God forbid that this should happen; but are we reading the omens correctly? It remains to be seen whether the recent deployment of police contingents to the Kaduna-Abuja road by the Inspector-General of Police, Alkali Baba Usman, will avail or will merely end up like its forebears which failed to stem the haemorrhaging of lives. So whether we like it or not, Nigerians are in a desperate bind crying out for deliverance and escape. Nor is that all.
In spite of repeated promises, the electric power situation has gone from bad to worse, attended by serial breakdowns of the National Power Grid in the face of upward cascades in the unit price of electricity. Only recently, the Nigeria Labour Congress put it aptly when it said that Nigerians are paying for megawatts of darkness. It would have been nice to say that there is an end in sight but one is restricted from so declaring because of several unkept promises on the part of government, not only on this matter but in several others.

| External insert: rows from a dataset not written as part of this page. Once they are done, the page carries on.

(* Let $X_1,X_2,\ldots$ be i.i.d. with mean $0$ and variance $1$, and let $G_n\in\mathscr G_n$ with $|E(G_n)|\to\infty$ satisfy the $\Sigma$-co-degree condition for an infinite matrix $\Sigma=((\sigma_{st}))_{s,t\ge1}$. For $M$ with $b_M>0$ let $V_M:=\bm X_{\infty,M}^\top\Sigma\bm X_{\infty,M}$ and $Q_{1,M}\sim N(0,V_M)$. Then $V_M$ converges in $L^1$, as $M\to\infty$, to some random variable $V=:\bm X_\infty^\top\Sigma\bm X_\infty$, and consequently $Q_{1,M}\to Q_1$ in distribution as $M\to\infty$, where $Q_1\sim N(0,V)$ is a well-defined random variable with finite second moment.
   Context: $\mathscr G_n$: simple undirected graphs on $\{1,\ldots,n\}$ labeled so that degrees satisfy $d_1\ge\cdots\ge d_n$; $A(G_n)=((a_{u,v}))$ adjacency matrix, $E(G_n)$ edge set. $\Sigma$-co-degree condition: for each fixed $s,t\ge1$, $\lim_n\frac{1}{|E(G_n)|}\sum_{v=1}^na_{s,v}a_{v,t}=\sigma_{st}$. Truncation: $a_M=\mathbb E[X_1\mathbf 1\{|X_1|\le M\}]$, $b_M=\operatorname{Var}[X_1\mathbf 1\{|X_1|\le M\}]$, $X_{u,M}:=b_M^{-1/2}(X_u\mathbf 1\{|X_u|\le M\}-a_M)$, $\bm X_{\infty,M}=(X_{1,M},X_{2,M},\ldots)$. $\bm X_{\infty,M}^\top\Sigma\bm X_{\infty,M}$ denotes the $L^1$-limit as $K\to\infty$ of $\sum_{1\le s,t\le K}\sigma_{st}X_{s,M}X_{t,M}$. For a nonnegative random variable $A$, $N(0,A)$ is the law of $\sqrt A\,W$ with $W\sim N(0,1)$ independent of $A$. *)

theory Defs
  imports "HOL-Probability.Probability"
begin

definition simple_graph_on :: "nat \<Rightarrow> (nat \<Rightarrow> nat \<Rightarrow> bool) \<Rightarrow> bool" where
  "simple_graph_on n E \<longleftrightarrow>
     (\<forall>u v. E u v \<longrightarrow> u \<in> {1..n} \<and> v \<in> {1..n}) \<and>
     (\<forall>u v. E u v \<longleftrightarrow> E v u) \<and> (\<forall>u. \<not> E u u)"

definition gdeg :: "nat \<Rightarrow> (nat \<Rightarrow> nat \<Rightarrow> bool) \<Rightarrow> nat \<Rightarrow> nat" where
  "gdeg n E u = card {v \<in> {1..n}. E u v}"

definition in_script_G :: "nat \<Rightarrow> (nat \<Rightarrow> nat \<Rightarrow> bool) \<Rightarrow> bool" where
  "in_script_G n E \<longleftrightarrow> simple_graph_on n E \<and>
     (\<forall>u v. 1 \<le> u \<longrightarrow> u \<le> v \<longrightarrow> v \<le> n \<longrightarrow> gdeg n E v \<le> gdeg n E u)"

definition num_edges :: "nat \<Rightarrow> (nat \<Rightarrow> nat \<Rightarrow> bool) \<Rightarrow> nat" where
  "num_edges n E = card {(u, v). u \<in> {1..n} \<and> v \<in> {1..n} \<and> u < v \<and> E u v}"

definition adj :: "(nat \<Rightarrow> nat \<Rightarrow> bool) \<Rightarrow> nat \<Rightarrow> nat \<Rightarrow> real" where
  "adj E u v = (if E u v then 1 else 0)"

definition codegree_condition ::
  "(nat \<Rightarrow> nat \<Rightarrow> nat \<Rightarrow> bool) \<Rightarrow> (nat \<Rightarrow> nat \<Rightarrow> real) \<Rightarrow> bool" where
  "codegree_condition G \<sigma> \<longleftrightarrow>
     (\<forall>s t. 1 \<le> s \<longrightarrow> 1 \<le> t \<longrightarrow>
        (\<lambda>n. (\<Sum>v = 1..n. adj (G n) s v * adj (G n) v t) / real (num_edges n (G n)))
          \<longlonglongrightarrow> \<sigma> s t)"

definition trunc_mean :: "'a measure \<Rightarrow> (nat \<Rightarrow> 'a \<Rightarrow> real) \<Rightarrow> real \<Rightarrow> real" where
  "trunc_mean P X M = integral\<^sup>L P (\<lambda>x. X 1 x * indicator {y. \<bar>y\<bar> \<le> M} (X 1 x))"

definition trunc_var :: "'a measure \<Rightarrow> (nat \<Rightarrow> 'a \<Rightarrow> real) \<Rightarrow> real \<Rightarrow> real" where
  "trunc_var P X M = integral\<^sup>L P (\<lambda>x.
      (X 1 x * indicator {y. \<bar>y\<bar> \<le> M} (X 1 x) - trunc_mean P X M)\<^sup>2)"

definition trunc_std :: "'a measure \<Rightarrow> (nat \<Rightarrow> 'a \<Rightarrow> real) \<Rightarrow> real \<Rightarrow> nat \<Rightarrow> 'a \<Rightarrow> real" where
  "trunc_std P X M u x =
     (X u x * indicator {y. \<bar>y\<bar> \<le> M} (X u x) - trunc_mean P X M) / sqrt (trunc_var P X M)"

definition L1_conv :: "'a measure \<Rightarrow> ('i \<Rightarrow> 'a \<Rightarrow> real) \<Rightarrow> ('a \<Rightarrow> real) \<Rightarrow> 'i filter \<Rightarrow> bool" where
  "L1_conv P f g F \<longleftrightarrow> integrable P g \<and> (\<forall>\<^sub>F i in F. integrable P (f i)) \<and>
     ((\<lambda>i. \<integral>x. \<bar>f i x - g x\<bar> \<partial>P) \<longlongrightarrow> 0) F"

definition quad_partial ::
  "(nat \<Rightarrow> nat \<Rightarrow> real) \<Rightarrow> (nat \<Rightarrow> 'a \<Rightarrow> real) \<Rightarrow> nat \<Rightarrow> 'a \<Rightarrow> real" where
  "quad_partial \<sigma> Y K x = (\<Sum>s = 1..K. \<Sum>t = 1..K. \<sigma> s t * Y s x * Y t x)"

text \<open>N(0,A): law of sqrt(A) W with W standard normal independent of A.\<close>

definition normal_mix :: "'a measure \<Rightarrow> ('a \<Rightarrow> real) \<Rightarrow> real measure" where
  "normal_mix P A = distr (distr P borel A \<Otimes>\<^sub>M std_normal_distribution) borel
                         (\<lambda>(a, w). sqrt a * w)"

definition weak_conv_at_top :: "(real \<Rightarrow> real measure) \<Rightarrow> real measure \<Rightarrow> bool" where
  "weak_conv_at_top \<mu> \<nu> \<longleftrightarrow>
     (\<forall>Ms :: nat \<Rightarrow> real. filterlim Ms at_top sequentially \<longrightarrow> weak_conv_m (\<lambda>k. \<mu> (Ms k)) \<nu>)"

end

theory Submission
  imports Defs
begin

(* Write \<phi>_M for the standardised truncation at level M; then \<phi>_M(X_1), \<phi>_M(X_2), ... are bounded,
   centred, i.i.d. and of unit variance.  For two such functions \<phi>, \<psi>, a bilinear sum
   \<Sum> c_st \<phi>(X_s) \<psi>(X_t) splits into its diagonal part, of L1 norm at most \<Sum> |c_ss|, and its
   off-diagonal part, whose terms are orthogonal in L2, of L1 norm at most 2 (\<Sum> c_st\<^sup>2)^(1/2).
   The co-degree limits satisfy 0 \<le> \<sigma>_st \<le> \<sigma>_ss and \<Sum> \<sigma>_ss \<le> 2, so \<Sum> \<sigma>_st\<^sup>2 \<le> (\<Sum> \<sigma>_ss)\<^sup>2 \<le> 4
   and the partial quadratic forms are Cauchy in L1; as \<sigma> is positive semidefinite, their limit
   V_M is nonnegative.  Applied to \<phi>_M - \<phi>_M', the same estimate gives
   E|V_M - V_M'| \<le> 12 \<parallel>\<phi>_M(X_1) - \<phi>_M'(X_1)\<parallel>_2, which tends to 0 because \<phi>_M(X_1) \<rightarrow> X_1 in L2.
   Finally the characteristic function of N(0, A) is E exp(-t\<^sup>2 A / 2), which is L1-Lipschitz in A,
   so Levy's continuity theorem gives the convergence in distribution, and E Q_1\<^sup>2 = E V. *)

section \<open>L1 convergence\<close>

lemma nn_integral_dist_AE_limit_le:
  fixes f :: "nat \<Rightarrow> 'a \<Rightarrow> real"
  assumes [measurable]: "\<And>i. f i \<in> borel_measurable M" "g \<in> borel_measurable M" "h \<in> borel_measurable M"
    and lim: "AE x in M. (\<lambda>i. f i x) \<longlonglongrightarrow> g x"
    and bound: "\<forall>\<^sub>F i in sequentially. (\<integral>\<^sup>+x. ennreal \<bar>h x - f i x\<bar> \<partial>M) \<le> e"
  shows "(\<integral>\<^sup>+x. ennreal \<bar>h x - g x\<bar> \<partial>M) \<le> e"
proof -
  have "(\<integral>\<^sup>+x. ennreal \<bar>h x - g x\<bar> \<partial>M) = (\<integral>\<^sup>+x. liminf (\<lambda>i. ennreal \<bar>h x - f i x\<bar>) \<partial>M)"
    using lim
  proof (intro nn_integral_cong_AE, eventually_elim)
    case (elim x)
    have "(\<lambda>i. ennreal \<bar>h x - f i x\<bar>) \<longlonglongrightarrow> ennreal \<bar>h x - g x\<bar>"
      by (intro tendsto_ennrealI tendsto_intros elim)
    from lim_imp_Liminf[OF sequentially_bot this] show ?case
      by simp
  qed
  also have "\<dots> \<le> liminf (\<lambda>i. \<integral>\<^sup>+x. ennreal \<bar>h x - f i x\<bar> \<partial>M)"
    by (rule nn_integral_liminf) measurable
  also have "\<dots> \<le> e"
    by (rule Liminf_le[OF sequentially_bot bound])
  finally show ?thesis .
qed

lemma L1_conv_Cauchy:
  fixes f :: "nat \<Rightarrow> 'a \<Rightarrow> real"
  assumes int: "\<And>n. integrable M (f n)"
    and Cauchy: "\<And>e. e > 0 \<Longrightarrow> \<exists>N. \<forall>m\<ge>N. \<forall>n\<ge>N. (\<integral>x. \<bar>f m x - f n x\<bar> \<partial>M) < e"
  shows "\<exists>g. L1_conv M f g sequentially"
proof -
  have [measurable]: "f n \<in> borel_measurable M" for n
    using int by auto
  have "\<exists>N. \<forall>i\<ge>N. \<forall>j\<ge>N. (\<integral>x. norm (f i x - f j x) \<partial>M) < e" if "e > 0" for e
    using Cauchy[OF that] by simp
  then obtain r where "strict_mono r" and AE_Cauchy: "AE x in M. Cauchy (\<lambda>i. f (r i) x)"
    by (rule cauchy_L1_AE_cauchy_subseq[OF int])
  define g where "g x = lim (\<lambda>i. f (r i) x)" for x
  have [measurable]: "g \<in> borel_measurable M"
    unfolding g_def by measurable
  have AE_lim: "AE x in M. (\<lambda>i. f (r i) x) \<longlonglongrightarrow> g x"
    using AE_Cauchy by eventually_elim (simp add: g_def Cauchy_convergent_iff convergent_LIMSEQ_iff)
  have dist_le: "(\<integral>\<^sup>+x. ennreal \<bar>f n x - g x\<bar> \<partial>M) \<le> ennreal e"
    if N: "\<forall>m\<ge>N. \<forall>n\<ge>N. (\<integral>x. \<bar>f m x - f n x\<bar> \<partial>M) < e" and "N \<le> n" for N n e
  proof (rule nn_integral_dist_AE_limit_le[OF _ _ _ AE_lim])
    show "\<forall>\<^sub>F i in sequentially. (\<integral>\<^sup>+x. ennreal \<bar>f n x - f (r i) x\<bar> \<partial>M) \<le> ennreal e"
      using eventually_ge_at_top[of N]
    proof eventually_elim
      case (elim i)
      then have "N \<le> r i"
        using seq_suble[OF \<open>strict_mono r\<close>, of i] by linarith
      then have "(\<integral>x. \<bar>f n x - f (r i) x\<bar> \<partial>M) \<le> e"
        using N \<open>N \<le> n\<close> by (meson less_imp_le)
      then show ?case
        using int by (subst nn_integral_eq_integral) (auto intro: ennreal_leI)
    qed
  qed measurable
  obtain N1 where N1: "\<forall>m\<ge>N1. \<forall>n\<ge>N1. (\<integral>x. \<bar>f m x - f n x\<bar> \<partial>M) < 1"
    using Cauchy[of 1] by auto
  have "integrable M (\<lambda>x. f N1 x - g x)"
  proof (rule integrableI_bounded)
    show "(\<integral>\<^sup>+x. ennreal (norm (f N1 x - g x)) \<partial>M) < \<infinity>"
      using dist_le[OF N1 order_refl] by (simp add: order_le_less_trans)
  qed measurable
  from Bochner_Integration.integrable_diff[OF int[of N1] this] have g_int: "integrable M g"
    by simp
  have "(\<lambda>n. \<integral>x. \<bar>f n x - g x\<bar> \<partial>M) \<longlonglongrightarrow> 0"
  proof (rule LIMSEQ_I)
    fix e :: real assume "0 < e"
    then obtain N where N: "\<forall>m\<ge>N. \<forall>n\<ge>N. (\<integral>x. \<bar>f m x - f n x\<bar> \<partial>M) < e / 2"
      using Cauchy[of "e / 2"] by auto
    have le: "(\<integral>x. \<bar>f n x - g x\<bar> \<partial>M) \<le> e / 2" if "N \<le> n" for n
    proof -
      have "ennreal (\<integral>x. \<bar>f n x - g x\<bar> \<partial>M) = (\<integral>\<^sup>+x. ennreal \<bar>f n x - g x\<bar> \<partial>M)"
        using int[of n] g_int by (intro nn_integral_eq_integral[symmetric]) auto
      with dist_le[OF N that] have "ennreal (\<integral>x. \<bar>f n x - g x\<bar> \<partial>M) \<le> ennreal (e / 2)"
        by simp
      then show ?thesis
        using \<open>0 < e\<close> by simp
    qed
    show "\<exists>N. \<forall>n\<ge>N. norm ((\<integral>x. \<bar>f n x - g x\<bar> \<partial>M) - 0) < e"
    proof (intro exI[of _ N] allI impI)
      fix n assume "N \<le> n"
      have "0 \<le> (\<integral>x. \<bar>f n x - g x\<bar> \<partial>M)"
        by simp
      with le[OF \<open>N \<le> n\<close>] \<open>0 < e\<close> show "norm ((\<integral>x. \<bar>f n x - g x\<bar> \<partial>M) - 0) < e"
        by simp
    qed
  qed
  then show ?thesis
    unfolding L1_conv_def using int g_int by auto
qed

Other issues agitating many Nigerians include the ongoing strike by the Academic Staff Union of Universities, which has passed the 130-day benchmark, and cognate strikes by other unions in the universities amounting to paralysis of public higher education except in private universities. Without mentioning, the deadly inflationary spiral added to the misery, poverty and degradation in the land.
Is there an end in sight? The answer is blowing in the wind but for the sake of the much distressed and stranded humanity, the authorities should jerk themselves awake before too many people pass on out of hopelessness, despair or the pangs of hardship on a huge scale.